In America, we seem to only allow ourselves two political parties — and I have a genuine respect for the other side. Some of the smartest people I know are in the other party. And what I love about our system is that by design it is meant to force compromise.

But compromise assumes good faith. And at the moment, the cynics and the moral vandals have stripped us of civic faith. The center is not holding. We are at war with ourselves. In Washington, Edmund Burke’s prudence has gone missing. And those who are meant to lead us are the ones driving us toward the brink.

I was until early this year a member of the United States Senate. I learned during my time in office that politics often makes us silent when we should speak, and silence is worthless in defense of democracy. In my view, silence equals complicity. I have children and grandchildren to answer to, and so, I decided at the beginning of the administration of our current president that I would not be silent.

And so I wrote a book in defense of the principles that I have long claimed to believe in, and I spoke out. Well, it turns out that defending principles that are under attack and maintaining a political career are opposite goals. But you know what? A political career doesn’t mean much if we use our office to undermine the values that define us. There are times when we must risk our careers in favor of our principles.

And so, for the time being, I gave up that political career, because my role as a citizen was more important than my role as a politician. I made some powerful political enemies — well, one in particular — but that’s okay. One day both of us will be gone from the scene. The principles will remain. But only if we are willing to fight for them.

The prescription for what ails us is as simple as it is hard: Those who hold to the traditional view of conservatism in my country need to stand up, and speak up — for the record and for history.

For those running for office — don’t share the campaign stage with someone who taunts, derides and utters falsehoods about your colleagues and your countrymen and women. If you find yourself there on that stage, don’t join in, clap along, or simply look at the floor when the audience chants “Lock Her Up,” or “Send Them Back.” Push back. Step off the stage if you have to. This is not what you signed up for. Forget the political consequences. Trust me, you can go elsewhere for a job, but you cannot go elsewhere for a soul.

One thing is certain, we in America have a lot to learn from some of the conservatives next door in the United Kingdom, who have not been afraid to come to the defense of principle and country over party and position.

In a thousand years, what will they make of our time? Was this the fulcrum moment when self-government faltered and vanished, when diverse democratic systems broke apart? Or will we have turned back the vandals, and, having glimpsed the abyss, recommitted ourselves to these extraordinary experiments in democracy?

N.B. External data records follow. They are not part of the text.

lemma path_edges_snoc: "xs \<noteq> [] \<Longrightarrow> path_edges (xs @ [a]) = path_edges xs @ [{last xs, a}]"
  by (induction xs rule: induct_list012) (auto simp: path_edges_Cons)

lemma path_edges_rev: "path_edges (rev p) = rev (path_edges p)"
proof (induction p)
  case (Cons a p)
  show ?case
  proof (cases "p = []")
    case False
    then have "path_edges (rev (a # p)) = rev (path_edges p) @ [{hd p, a}]"
      using Cons.IH by (simp add: path_edges_snoc last_rev)
    then show ?thesis
      using False by (simp add: path_edges_Cons insert_commute)
  qed simp
qed simp

lemma is_walk_singleton [simp]: "is_walk Ed [a]"
  by (simp add: is_walk_def)

lemma is_walk_Cons_Cons [simp]: "is_walk Ed (a # b # p) \<longleftrightarrow> {a, b} \<in> Ed \<and> is_walk Ed (b # p)"
  by (auto simp: is_walk_def)

lemma is_walk_iff_nth:
  "is_walk Ed p \<longleftrightarrow> p \<noteq> [] \<and> (\<forall>i. Suc i < length p \<longrightarrow> {p ! i, p ! Suc i} \<in> Ed)"
proof (induction p rule: induct_list012)
  case (3 x y zs)
  have "(\<forall>i. Suc i < length (x # y # zs) \<longrightarrow> {(x # y # zs) ! i, (x # y # zs) ! Suc i} \<in> Ed)
    \<longleftrightarrow> {x, y} \<in> Ed \<and> (\<forall>i. Suc i < length (y # zs) \<longrightarrow> {(y # zs) ! i, (y # zs) ! Suc i} \<in> Ed)"
    by (auto simp: All_less_Suc2 simp del: length_Cons)
  then show ?case
    using "3.IH"(2) by simp
qed (auto simp: is_walk_def)

lemma is_walk_nth_edge: "is_walk Ed p \<Longrightarrow> Suc i < length p \<Longrightarrow> {p ! i, p ! Suc i} \<in> Ed"
  by (simp add: is_walk_iff_nth)

lemma is_walk_mono: "is_walk Ed p \<Longrightarrow> Ed \<subseteq> Ed' \<Longrightarrow> is_walk Ed' p"
  by (auto simp: is_walk_def)

lemma is_walk_rev [simp]: "is_walk Ed (rev p) \<longleftrightarrow> is_walk Ed p"
  by (simp add: is_walk_def path_edges_rev)

lemma simple_path_rev: "simple_path Ed a b p \<Longrightarrow> simple_path Ed b a (rev p)"
  by (auto simp: simple_path_def hd_rev last_rev)

lemma simple_path_same: "simple_path Ed a a p \<longleftrightarrow> p = [a]"
proof
  assume p: "simple_path Ed a a p"
  then have "p \<noteq> []" "distinct p" "hd p = last p"
    by (auto simp: simple_path_def is_walk_def)
  then show "p = [a]"
    using p by (cases p) (auto simp: simple_path_def split: if_splits)
qed (simp add: simple_path_def)

lemma simple_graph_edgeD: "simple_graph N Ed \<Longrightarrow> {a, b} \<in> Ed \<Longrightarrow> a \<in> N \<and> b \<in> N \<and> a \<noteq> b"
  unfolding simple_graph_def by (auto simp: doubleton_eq_iff)

lemma simple_graph_finite_edges: "simple_graph N Ed \<Longrightarrow> finite Ed"
  unfolding simple_graph_def by (blast intro: finite_subset[of Ed "Pow N"])

lemma degree_outside:
  assumes "simple_graph N Ed" "a \<notin> N"
  shows "degree Ed a = 0"
proof -
  have "{e \<in> Ed. a \<in> e} = {}"
    using assms unfolding simple_graph_def by blast
  then show ?thesis
    unfolding degree_def by (metis card.empty)
qed

lemma is_walk_nodes:
  assumes "simple_graph N Ed" "is_walk Ed p" "hd p \<in> N"
  shows "set p \<subseteq> N"
proof
  fix x assume "x \<in> set p"
  then obtain i where i: "i < length p" "x = p ! i"
    by (auto simp: in_set_conv_nth)
  show "x \<in> N"
  proof (cases i)
    case 0
    then show ?thesis using i assms(2,3) by (simp add: hd_conv_nth is_walk_def)
  next
    case (Suc j)
    then have "{p ! j, x} \<in> Ed"
      using i is_walk_nth_edge[OF assms(2), of j] by simp
    then show ?thesis
      using simple_graph_edgeD[OF assms(1)] by blast
  qed
qed

lemma unique_simple_path_sym:
  assumes "\<exists>!p. simple_path Ed a b p"
  shows "\<exists>!p. simple_path Ed b a p"
proof -
  obtain p where p: "simple_path Ed a b p" and uniq: "\<And>q. simple_path Ed a b q \<Longrightarrow> q = p"
    using assms by blast
  show ?thesis
  proof (rule ex1I[of _ "rev p"])
    show "simple_path Ed b a (rev p)"
      using p by (rule simple_path_rev)
    show "q = rev p" if "simple_path Ed b a q" for q
      using uniq[OF simple_path_rev[OF that]] rev_swap by blast
  qed
qed

lemma the_simple_path_sym:
  assumes "\<exists>!p. simple_path Ed a b p"
  shows "(THE p. simple_path Ed b a p) = rev (THE p. simple_path Ed a b p)"
  by (rule the1_equality[OF unique_simple_path_sym[OF assms] simple_path_rev[OF theI'[OF assms]]])

lemma tree_dist_sym:
  assumes "\<exists>!p. simple_path Ed a b p"
  shows "tree_dist Ed w b a = tree_dist Ed w a b"
  unfolding tree_dist_def the_simple_path_sym[OF assms] path_edges_rev
  by (simp add: rev_map[symmetric])

lemma tree_dist_same [simp]: "tree_dist Ed w a a = 0"
  by (simp add: tree_dist_def simple_path_same)

text \<open>Every tree has unique simple paths, but it is simpler to carry uniqueness along the
  construction than to derive it from acyclicity.\<close>
definition unique_path_tree :: "'n set \<Rightarrow> 'n set set \<Rightarrow> bool" where
  "unique_path_tree N Ed \<longleftrightarrow> is_tree N Ed \<and> (\<forall>a\<in>N. \<forall>b\<in>N. \<exists>!p. simple_path Ed a b p)"

lemma unique_path_tree_singleton: "unique_path_tree {a} {}"
proof -
  have "\<exists>!p. simple_path {} a a p"
    by (simp add: simple_path_same)
  moreover have "\<nexists>p. is_walk {} p \<and> distinct p \<and> length p \<ge> 3 \<and> {last p, hd p} \<in> {}"
    by simp
  ultimately show ?thesis
    unfolding unique_path_tree_def is_tree_def simple_graph_def
    by (auto simp del: simple_path_same)
qed

locale pendant =
  fixes N :: "'n set" and Ed :: "'n set set" and u v :: 'n
  assumes tree: "unique_path_tree N Ed" and attach: "u \<in> N" and fresh: "v \<notin> N"
begin

abbreviation "N' \<equiv> insert v N"
abbreviation "Ed' \<equiv> insert {v, u} Ed"

lemma simple_graph: "simple_graph N Ed"
  using tree by (simp add: unique_path_tree_def is_tree_def)

lemma acyclic: "\<nexists>p. is_walk Ed p \<and> distinct p \<and> length p \<ge> 3 \<and> {last p, hd p} \<in> Ed"
  using tree by (simp add: unique_path_tree_def is_tree_def)

lemma unique_path: "a \<in> N \<Longrightarrow> b \<in> N \<Longrightarrow> \<exists>!p. simple_path Ed a b p"
  using tree by (simp add: unique_path_tree_def)

lemma simple_graph': "simple_graph N' Ed'"
  using simple_graph attach fresh unfolding simple_graph_def by blast

lemma neighbour: "{a, v} \<in> Ed' \<Longrightarrow> a = u"
  using simple_graph_edgeD[OF simple_graph', of a v] simple_graph_edgeD[OF simple_graph, of a v] fresh
  by (auto simp: doubleton_eq_iff)

lemma walk_avoiding_pendant: "is_walk Ed' p \<Longrightarrow> v \<notin> set p \<Longrightarrow> is_walk Ed p"
  unfolding is_walk_iff_nth
proof (intro conjI allI impI)
  fix i assume walk: "p \<noteq> [] \<and> (\<forall>i. Suc i < length p \<longrightarrow> {p ! i, p ! Suc i} \<in> Ed')"
    and v: "v \<notin> set p" and i: "Suc i < length p"
  then have "v \<noteq> p ! i" "v \<noteq> p ! Suc i"
    using nth_mem[of i p] nth_mem[of "Suc i" p] by auto
  then show "{p ! i, p ! Suc i} \<in> Ed"
    using walk i by (auto simp: doubleton_eq_iff)
qed auto

lemma not_interior:
  assumes p: "is_walk Ed' p" "distinct p" and i: "p ! i = v" "0 < i" "Suc i < length p"
  shows False
proof -
  have "{p ! (i - 1), p ! Suc (i - 1)} \<in> Ed'" "{p ! i, p ! Suc i} \<in> Ed'"
    using is_walk_nth_edge[OF p(1), of "i - 1"] is_walk_nth_edge[OF p(1), of i] i(2,3) by simp_all
  then have edges: "{p ! (i - 1), v} \<in> Ed'" "{p ! Suc i, v} \<in> Ed'"
    using i(1,2) by (simp_all add: insert_commute)
  have "p ! (i - 1) = p ! Suc i"
    using neighbour[OF edges(1)] neighbour[OF edges(2)] by simp
  then show False
    using p(2) i(2,3) nth_eq_iff_index_eq[of p "i - 1" "Suc i"] by linarith
qed

lemma no_cycle_from_pendant:
  assumes p: "is_walk Ed' p" "distinct p" "length p \<ge> 3" "{last p, hd p} \<in> Ed'" and "hd p = v"
  shows False
proof -
  have "p \<noteq> []"
    using p(3) by auto
  then have "p ! 0 = v" "last p = p ! (length p - 1)"
    using \<open>hd p = v\<close> by (simp_all add: hd_conv_nth last_conv_nth)
  then have edges: "{p ! 1, v} \<in> Ed'" "{p ! (length p - 1), v} \<in> Ed'"
    using is_walk_nth_edge[OF p(1), of 0] p(3,4) \<open>hd p = v\<close> by (simp_all add: insert_commute)
  have "p ! 1 = p ! (length p - 1)"
    using neighbour[OF edges(1)] neighbour[OF edges(2)] by simp
  then show False
    using p(2,3) nth_eq_iff_index_eq[of p 1 "length p - 1"] by linarith
qed

lemma acyclic': "\<nexists>p. is_walk Ed' p \<and> distinct p \<and> length p \<ge> 3 \<and> {last p, hd p} \<in> Ed'"
proof
  assume "\<exists>p. is_walk Ed' p \<and> distinct p \<and> length p \<ge> 3 \<and> {last p, hd p} \<in> Ed'"
  then obtain p where p: "is_walk Ed' p" "distinct p" "length p \<ge> 3" "{last p, hd p} \<in> Ed'"
    by blast
  then have ne: "p \<noteq> []"
    by auto
  show False
  proof (cases "v \<in> set p")
    case False
    then have "{last p, hd p} \<noteq> {v, u}"
      using ne by (metis doubleton_eq_iff hd_in_set last_in_set)
    then show False
      using acyclic p walk_avoiding_pendant[OF p(1) False] by simp
  next
    case True
    then obtain i where i: "i < length p" "p ! i = v"
      by (auto simp: in_set_conv_nth)
    consider "i = 0" | "i = length p - 1" | "0 < i" "Suc i < length p"
      using i(1) by linarith
    then show False
    proof cases
      case 1
      then show False
        using no_cycle_from_pendant[OF p] i ne by (simp add: hd_conv_nth)
    next
      case 2
      have "{last (rev p), hd (rev p)} \<in> Ed'"
        using p(4) by (simp add: hd_rev last_rev insert_commute)
      then show False
        using no_cycle_from_pendant[of "rev p"] p i 2 ne by (simp add: hd_rev last_conv_nth)
    next
      case 3
      then show False
        using not_interior[OF p(1,2) i(2)] by blast
    qed
  qed
qed

lemma simple_path_old: "a \<in> N \<Longrightarrow> b \<in> N \<Longrightarrow> simple_path Ed' a b q \<longleftrightarrow> simple_path Ed a b q"
proof
  assume a: "a \<in> N" and b: "b \<in> N" and q: "simple_path Ed' a b q"
  then have ne: "q \<noteq> []"
    by (simp add: simple_path_def is_walk_def)
  have "v \<notin> set q"
  proof
    assume "v \<in> set q"
    then obtain i where i: "i < length q" "q ! i = v"
      by (auto simp: in_set_conv_nth)
    have "q ! 0 \<in> N" "q ! (length q - 1) \<in> N"
      using q a b ne by (auto simp: simple_path_def hd_conv_nth last_conv_nth)
    then have "i \<noteq> 0" "i \<noteq> length q - 1"
      using i(2) fresh by metis+
    then have "0 < i" "Suc i < length q"
      using i(1) by linarith+
    then show False
      using not_interior[of q i] q i(2) by (simp add: simple_path_def)
  qed
  then show "simple_path Ed a b q"
    using q walk_avoiding_pendant by (simp add: simple_path_def)
qed (auto simp: simple_path_def intro: is_walk_mono)

lemma simple_path_new:
  assumes b: "b \<in> N"
  shows "simple_path Ed' v b q \<longleftrightarrow> q = v # (THE p. simple_path Ed u b p)"
proof -
  define p where "p = (THE p. simple_path Ed u b p)"
  have p: "simple_path Ed u b p"
    unfolding p_def using theI'[OF unique_path[OF attach b]] .
  obtain r where r: "p = u # r"
    using p by (cases p) (auto simp: simple_path_def is_walk_def)
  have "set p \<subseteq> N"
    using is_walk_nodes[OF simple_graph] p attach by (simp add: simple_path_def)
  then have "simple_path Ed' v b (v # p)"
    using p r fresh is_walk_mono[of Ed p Ed'] by (auto simp: simple_path_def)
  moreover have "q = v # p" if q: "simple_path Ed' v b q"
  proof -
    obtain c r' where q': "q = v # c # r'"
      using q b fresh by (cases q rule: remdups_adj.cases) (auto simp: simple_path_def is_walk_def)
    have "c = u"
      using q q' neighbour by (simp add: simple_path_def insert_commute)
    then have "simple_path Ed u b (c # r')"
      using q q' walk_avoiding_pendant[of "c # r'"] by (auto simp: simple_path_def)
    then show ?thesis
      using p unique_path[OF attach b] q' by blast
  qed
  ultimately show ?thesis
    unfolding p_def[symmetric] by blast
qed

There is only one choice, really.

In the sweep of history, we Americans, after fighting our war of independence, survived a war between ourselves and managed to create a more perfect union. We ensured universal suffrage and ended up on the right side of the civil rights movement. It’s still not perfect union, but we always seem to be headed in the right direction. As Winston Churchill famously opined, Americans can be counted on to do the right thing after exhausting all alternatives.

It is my hope, and my belief that this fever of rancor and discord in my country will eventually break. That this unhappy sojourn into unfamiliar territory will be brief and anomalous. That we will return to ourselves once more, because good men and women ultimately heed the Burkean plea to stand and be counted. And the sooner the better.

Thank you for this privilege of Honorary Patronage, and thank you for having me here today.